■ TASK STATEMENT ■
From the entries below, copy every line holding the word "ultimately".

(Stored data entries)
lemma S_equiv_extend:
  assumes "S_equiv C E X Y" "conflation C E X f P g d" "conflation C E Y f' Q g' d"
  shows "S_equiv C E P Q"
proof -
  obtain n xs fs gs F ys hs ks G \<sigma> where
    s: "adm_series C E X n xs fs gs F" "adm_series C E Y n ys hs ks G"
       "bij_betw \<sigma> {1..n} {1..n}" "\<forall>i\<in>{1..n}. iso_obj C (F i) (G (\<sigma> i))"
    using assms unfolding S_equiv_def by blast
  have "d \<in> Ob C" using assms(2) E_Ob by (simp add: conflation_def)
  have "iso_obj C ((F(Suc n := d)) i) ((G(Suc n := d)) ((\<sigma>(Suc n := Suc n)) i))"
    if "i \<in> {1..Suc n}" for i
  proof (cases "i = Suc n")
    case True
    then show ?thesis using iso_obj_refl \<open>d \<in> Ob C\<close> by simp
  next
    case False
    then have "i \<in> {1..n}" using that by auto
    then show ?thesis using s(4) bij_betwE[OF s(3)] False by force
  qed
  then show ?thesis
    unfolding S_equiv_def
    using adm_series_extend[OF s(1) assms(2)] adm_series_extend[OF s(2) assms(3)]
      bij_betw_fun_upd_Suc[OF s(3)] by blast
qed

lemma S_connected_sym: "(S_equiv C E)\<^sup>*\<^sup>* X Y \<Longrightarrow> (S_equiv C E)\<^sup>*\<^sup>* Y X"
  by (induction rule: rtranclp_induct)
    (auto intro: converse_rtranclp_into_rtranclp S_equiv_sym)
--
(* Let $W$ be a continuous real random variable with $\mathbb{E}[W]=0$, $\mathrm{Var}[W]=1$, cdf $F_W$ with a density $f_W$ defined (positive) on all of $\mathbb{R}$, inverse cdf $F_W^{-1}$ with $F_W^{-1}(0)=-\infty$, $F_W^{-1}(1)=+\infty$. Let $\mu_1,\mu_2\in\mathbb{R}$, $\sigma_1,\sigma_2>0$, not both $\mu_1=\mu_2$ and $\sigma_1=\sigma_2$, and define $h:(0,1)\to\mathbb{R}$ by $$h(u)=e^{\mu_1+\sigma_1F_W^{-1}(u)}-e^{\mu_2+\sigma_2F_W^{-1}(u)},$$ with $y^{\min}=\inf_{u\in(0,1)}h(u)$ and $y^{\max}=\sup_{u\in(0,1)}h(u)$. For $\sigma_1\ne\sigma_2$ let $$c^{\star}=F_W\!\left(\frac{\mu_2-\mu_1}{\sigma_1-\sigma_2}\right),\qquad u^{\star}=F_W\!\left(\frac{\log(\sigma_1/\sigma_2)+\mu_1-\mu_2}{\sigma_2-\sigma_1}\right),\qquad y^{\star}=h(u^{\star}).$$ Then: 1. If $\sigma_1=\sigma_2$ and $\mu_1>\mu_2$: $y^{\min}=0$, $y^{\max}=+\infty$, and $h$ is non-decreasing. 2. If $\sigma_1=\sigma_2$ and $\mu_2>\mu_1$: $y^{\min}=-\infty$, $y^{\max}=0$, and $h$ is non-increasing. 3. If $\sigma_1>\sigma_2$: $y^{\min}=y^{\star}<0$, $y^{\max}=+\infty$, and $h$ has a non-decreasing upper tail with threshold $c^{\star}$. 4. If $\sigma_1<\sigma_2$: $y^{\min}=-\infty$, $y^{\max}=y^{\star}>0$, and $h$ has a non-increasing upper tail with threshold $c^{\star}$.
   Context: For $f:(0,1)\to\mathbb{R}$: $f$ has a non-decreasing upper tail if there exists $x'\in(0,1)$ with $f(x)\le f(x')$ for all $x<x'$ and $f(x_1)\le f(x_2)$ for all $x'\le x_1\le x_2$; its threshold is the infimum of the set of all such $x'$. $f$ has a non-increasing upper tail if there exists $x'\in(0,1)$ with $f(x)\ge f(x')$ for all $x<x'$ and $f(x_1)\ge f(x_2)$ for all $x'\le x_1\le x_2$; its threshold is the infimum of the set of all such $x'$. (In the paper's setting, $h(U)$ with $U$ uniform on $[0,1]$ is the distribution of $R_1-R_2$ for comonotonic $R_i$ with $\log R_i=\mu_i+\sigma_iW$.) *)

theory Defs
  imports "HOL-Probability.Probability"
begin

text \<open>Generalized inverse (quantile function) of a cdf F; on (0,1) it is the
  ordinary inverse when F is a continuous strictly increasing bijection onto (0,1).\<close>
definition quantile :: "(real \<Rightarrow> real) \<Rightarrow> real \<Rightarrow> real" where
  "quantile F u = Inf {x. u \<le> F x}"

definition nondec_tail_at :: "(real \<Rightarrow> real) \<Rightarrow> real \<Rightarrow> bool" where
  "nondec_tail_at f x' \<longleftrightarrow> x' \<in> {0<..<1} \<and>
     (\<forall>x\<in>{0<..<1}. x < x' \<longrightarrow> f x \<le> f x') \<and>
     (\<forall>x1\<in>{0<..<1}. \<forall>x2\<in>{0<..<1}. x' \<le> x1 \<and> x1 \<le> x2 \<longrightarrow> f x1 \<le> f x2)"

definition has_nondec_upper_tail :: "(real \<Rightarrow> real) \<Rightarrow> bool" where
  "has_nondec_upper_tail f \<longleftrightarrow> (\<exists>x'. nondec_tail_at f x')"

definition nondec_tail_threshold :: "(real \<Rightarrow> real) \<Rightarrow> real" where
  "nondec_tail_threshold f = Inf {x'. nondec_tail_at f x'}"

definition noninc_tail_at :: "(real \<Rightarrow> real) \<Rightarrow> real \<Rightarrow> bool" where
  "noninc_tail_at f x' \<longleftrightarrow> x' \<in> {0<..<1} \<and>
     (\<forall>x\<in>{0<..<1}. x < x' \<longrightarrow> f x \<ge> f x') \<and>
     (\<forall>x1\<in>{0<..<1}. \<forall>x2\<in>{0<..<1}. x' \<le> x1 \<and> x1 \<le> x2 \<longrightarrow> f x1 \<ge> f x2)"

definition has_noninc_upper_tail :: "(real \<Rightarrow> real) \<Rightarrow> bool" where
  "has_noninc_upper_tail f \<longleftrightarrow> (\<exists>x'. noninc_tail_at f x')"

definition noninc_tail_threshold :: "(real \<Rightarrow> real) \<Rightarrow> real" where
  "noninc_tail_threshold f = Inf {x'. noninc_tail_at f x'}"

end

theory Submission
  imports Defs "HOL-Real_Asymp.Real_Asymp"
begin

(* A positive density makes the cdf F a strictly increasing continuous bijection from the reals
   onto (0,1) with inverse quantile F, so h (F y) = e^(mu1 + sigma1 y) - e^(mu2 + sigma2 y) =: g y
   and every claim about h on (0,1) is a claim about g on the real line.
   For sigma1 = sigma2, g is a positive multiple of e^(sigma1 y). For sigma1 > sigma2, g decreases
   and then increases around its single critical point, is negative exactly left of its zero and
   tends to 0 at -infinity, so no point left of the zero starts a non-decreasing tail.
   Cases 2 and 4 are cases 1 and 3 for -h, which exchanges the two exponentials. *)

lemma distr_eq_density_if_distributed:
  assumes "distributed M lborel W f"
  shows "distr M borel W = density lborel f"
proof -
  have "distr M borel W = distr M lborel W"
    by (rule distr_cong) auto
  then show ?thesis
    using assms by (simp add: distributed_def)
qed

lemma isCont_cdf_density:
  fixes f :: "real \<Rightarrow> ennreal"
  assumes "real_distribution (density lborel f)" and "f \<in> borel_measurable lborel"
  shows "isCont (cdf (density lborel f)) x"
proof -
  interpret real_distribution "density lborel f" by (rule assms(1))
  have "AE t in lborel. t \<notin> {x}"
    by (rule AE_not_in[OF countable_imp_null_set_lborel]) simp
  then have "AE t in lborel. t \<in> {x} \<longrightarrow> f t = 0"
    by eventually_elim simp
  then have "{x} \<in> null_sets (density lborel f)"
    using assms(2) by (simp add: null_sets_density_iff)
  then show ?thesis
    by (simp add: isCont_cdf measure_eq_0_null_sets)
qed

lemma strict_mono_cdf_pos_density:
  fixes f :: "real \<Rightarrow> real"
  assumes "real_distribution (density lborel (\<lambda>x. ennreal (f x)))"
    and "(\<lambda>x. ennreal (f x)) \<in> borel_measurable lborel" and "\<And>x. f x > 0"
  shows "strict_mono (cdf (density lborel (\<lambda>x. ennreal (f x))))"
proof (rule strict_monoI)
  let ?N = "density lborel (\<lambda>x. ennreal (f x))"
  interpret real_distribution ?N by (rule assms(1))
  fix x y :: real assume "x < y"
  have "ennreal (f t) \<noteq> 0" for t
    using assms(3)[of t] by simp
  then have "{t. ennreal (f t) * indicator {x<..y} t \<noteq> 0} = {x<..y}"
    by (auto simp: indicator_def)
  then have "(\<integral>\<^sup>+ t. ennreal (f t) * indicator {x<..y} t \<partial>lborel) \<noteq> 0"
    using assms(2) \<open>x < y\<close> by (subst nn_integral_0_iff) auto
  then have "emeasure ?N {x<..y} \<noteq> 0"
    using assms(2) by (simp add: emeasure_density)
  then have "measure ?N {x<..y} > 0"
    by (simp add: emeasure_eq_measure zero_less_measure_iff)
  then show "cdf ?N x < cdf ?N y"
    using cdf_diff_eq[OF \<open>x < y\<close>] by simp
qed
---
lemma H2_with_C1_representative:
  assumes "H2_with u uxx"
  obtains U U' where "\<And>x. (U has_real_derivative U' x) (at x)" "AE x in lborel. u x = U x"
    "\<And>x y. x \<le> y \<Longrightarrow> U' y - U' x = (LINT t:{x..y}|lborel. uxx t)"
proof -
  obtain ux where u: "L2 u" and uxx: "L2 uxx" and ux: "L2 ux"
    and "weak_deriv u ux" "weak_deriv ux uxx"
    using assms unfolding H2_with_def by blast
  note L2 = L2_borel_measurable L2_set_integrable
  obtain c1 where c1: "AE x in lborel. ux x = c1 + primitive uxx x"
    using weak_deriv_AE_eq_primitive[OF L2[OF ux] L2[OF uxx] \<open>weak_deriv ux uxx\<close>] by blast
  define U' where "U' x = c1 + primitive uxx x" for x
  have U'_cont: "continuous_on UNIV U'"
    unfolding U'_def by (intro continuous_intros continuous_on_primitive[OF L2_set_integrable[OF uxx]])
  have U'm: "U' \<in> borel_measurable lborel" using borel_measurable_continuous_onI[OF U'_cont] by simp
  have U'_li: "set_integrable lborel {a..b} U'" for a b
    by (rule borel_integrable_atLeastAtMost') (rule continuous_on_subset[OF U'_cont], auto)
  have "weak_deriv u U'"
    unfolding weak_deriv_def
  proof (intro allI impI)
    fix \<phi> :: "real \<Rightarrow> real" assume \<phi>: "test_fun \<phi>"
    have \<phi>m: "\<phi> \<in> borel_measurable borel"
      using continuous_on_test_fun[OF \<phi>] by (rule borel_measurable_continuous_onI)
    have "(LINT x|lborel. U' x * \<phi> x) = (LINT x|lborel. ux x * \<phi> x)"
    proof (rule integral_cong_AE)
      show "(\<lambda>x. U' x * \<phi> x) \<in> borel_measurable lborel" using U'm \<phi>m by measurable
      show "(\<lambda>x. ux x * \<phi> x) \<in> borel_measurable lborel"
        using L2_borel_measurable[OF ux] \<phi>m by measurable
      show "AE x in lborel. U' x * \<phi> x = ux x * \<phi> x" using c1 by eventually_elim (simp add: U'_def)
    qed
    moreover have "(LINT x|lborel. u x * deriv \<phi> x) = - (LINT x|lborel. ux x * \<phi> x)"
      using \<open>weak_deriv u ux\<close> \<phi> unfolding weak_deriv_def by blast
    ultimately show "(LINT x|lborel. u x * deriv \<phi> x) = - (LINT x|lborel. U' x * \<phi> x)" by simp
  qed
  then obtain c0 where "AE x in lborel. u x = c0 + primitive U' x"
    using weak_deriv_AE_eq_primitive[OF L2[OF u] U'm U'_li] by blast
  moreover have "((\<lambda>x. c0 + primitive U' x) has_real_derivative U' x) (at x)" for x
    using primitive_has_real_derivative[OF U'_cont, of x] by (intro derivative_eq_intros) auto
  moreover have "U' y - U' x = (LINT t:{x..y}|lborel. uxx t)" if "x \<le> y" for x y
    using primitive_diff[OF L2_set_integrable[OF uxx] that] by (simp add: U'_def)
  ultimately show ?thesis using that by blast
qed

■ ANSWER SECTION ■
    ultimately show "(LINT x|lborel. u x * deriv \<phi> x) = - (LINT x|lborel. U' x * \<phi> x)" by simp
  ultimately show ?thesis using that by blast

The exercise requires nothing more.